Step Downs: Stand on the step with your weight on the affected leg. Your toes should point forward, knee rotated outwards. Slowly step down, concentrate on contracting VMO and controlling the movement. Return slowly to the starting position and repeat.

Theraband Start with the theraband around the knee, rotate the leg outwards and away from the other leg. In the lying or sitting position, place the theraband around the ankle and slowly bend knee against the resistance of theraband before returning to the resting position. In standing, perform the exercises below with the theraband around the unoperated leg. Use core stability with the VMO and hamstring muscles to control the position of the operated leg whilst moving the other leg. Keep stomach and buttock muscles tight to stabilise the pelvis when performing these exercises.

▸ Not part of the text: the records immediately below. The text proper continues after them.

lemma first_passage_enumeration:
  assumes bij: "bij_betw enc UNIV S"
    and step: "\<And>a c. jump_prob S q (enc a) (enc c) = bd_step up a c"
  shows "first_passage S q n (enc a) (enc b) = bd_first_passage up n a b"
proof (induction n arbitrary: a)
  case 0
  then show ?case by simp
next
  case (Suc n)
  show ?case
  proof (cases n)
    case 0
    then show ?thesis by (simp add: step)
  next
    case (Suc m)
    have "first_passage S q (Suc n) (enc a) (enc b)
        = infsum (\<lambda>c. jump_prob S q (enc a) (enc c) * first_passage S q n (enc c) (enc b)) (UNIV - {b})"
      using Suc by (simp add: infsum_enumeration[OF bij])
    also have "\<dots> = infsum (\<lambda>c. bd_step up a c * bd_first_passage up n c b) (UNIV - {b})"
      by (simp add: step Suc.IH)
    also have "\<dots> = bd_taboo up b (\<lambda>w. bd_first_passage up n w b) a"
      by (subst infsum_neighbours[where a=a]) (auto simp: bd_step_def bd_taboo_def)
    finally show ?thesis using Suc by (simp add: bd_first_passage.simps(2))
  qed
qed

definition bd_avg :: "(nat \<Rightarrow> real) \<Rightarrow> (nat \<Rightarrow> real) \<Rightarrow> nat \<Rightarrow> real" where
  "bd_avg up f z = up z * f (Suc z) + (if 0 < z then (1 - up z) * f (z - 1) else 0)"

definition bd_ratio :: "(nat \<Rightarrow> real) \<Rightarrow> nat \<Rightarrow> real" where
  "bd_ratio up i = (1 - up i) / up i"

definition bd_ratio_prod :: "(nat \<Rightarrow> real) \<Rightarrow> nat \<Rightarrow> nat \<Rightarrow> real" where
  "bd_ratio_prod up b j = (\<Prod>i\<in>{Suc b..b + j}. bd_ratio up i)"

definition bd_scale :: "(nat \<Rightarrow> real) \<Rightarrow> nat \<Rightarrow> nat \<Rightarrow> real" where
  "bd_scale up b w = (\<Sum>j<w - b. bd_ratio_prod up b j)"

definition bd_partial_reach :: "(nat \<Rightarrow> real) \<Rightarrow> nat \<Rightarrow> nat \<Rightarrow> nat \<Rightarrow> real" where
  "bd_partial_reach up b N z = (\<Sum>n<N. bd_first_passage up (Suc n) z b)"

definition bd_reach :: "(nat \<Rightarrow> real) \<Rightarrow> nat \<Rightarrow> nat \<Rightarrow> real" where
  "bd_reach up b z = (\<Sum>n. bd_first_passage up (Suc n) z b)"

locale birth_death =
  fixes up :: "nat \<Rightarrow> real"
  assumes up_0: "up 0 = 1" and up_pos: "\<And>a. 0 < up a" and up_lt_1: "\<And>a. 0 < a \<Longrightarrow> up a < 1"
begin

lemma up_le_1: "up a \<le> 1"
  using up_0 up_lt_1[of a] by (cases a) auto

lemma bd_ratio_prod_nonneg: "0 \<le> bd_ratio_prod up b j"
  unfolding bd_ratio_prod_def bd_ratio_def
  by (intro prod_nonneg ballI divide_nonneg_pos) (simp_all add: up_le_1 up_pos)

lemma bd_ratio_prod_Suc: "bd_ratio_prod up b (Suc j) = bd_ratio_prod up b j * bd_ratio up (b + Suc j)"
  unfolding bd_ratio_prod_def by (simp add: prod.nat_ivl_Suc' mult.commute)

lemma bd_avg_mono: "(\<And>w. f w \<le> g w) \<Longrightarrow> bd_avg up f z \<le> bd_avg up g z"
  using up_pos[of z] up_le_1[of z] by (auto simp: bd_avg_def intro!: add_mono mult_left_mono)

lemma bd_avg_const: "bd_avg up (\<lambda>_. c) z = c"
  using up_0 by (cases z) (auto simp: bd_avg_def algebra_simps)

lemma bd_avg_affine: "bd_avg up (\<lambda>w. c - f w / d) z = c - bd_avg up f z / d"
  using up_0 by (cases z) (auto simp: bd_avg_def algebra_simps diff_divide_distrib add_divide_distrib)

lemma tendsto_bd_avg:
  "(\<And>w. (\<lambda>N. f N w) \<longlonglongrightarrow> g w) \<Longrightarrow> (\<lambda>N. bd_avg up (f N) z) \<longlonglongrightarrow> bd_avg up g z"
  unfolding bd_avg_def by (cases "0 < z") (auto intro!: tendsto_intros)

subsection \<open>Hitting probabilities\<close>

lemma bd_taboo_nonneg: "(\<And>w. 0 \<le> f w) \<Longrightarrow> 0 \<le> bd_taboo up b f z"
  unfolding bd_taboo_def using up_pos[of z] up_le_1[of z] by (auto intro!: add_nonneg_nonneg)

Balance work and proprioception
Balance on operated leg, ensure all the muscles around the hip and thigh are contracting.
As above but maintain balance while moving arms.
Balance with eyes closed.

Wobble board: When confident standing on one leg with eyes closed, progress to the wobble board. Start with two legs on the board, evenly spaced. Rock the board backwards and forwards and side to side. Attempt to balance with the rim off the ground.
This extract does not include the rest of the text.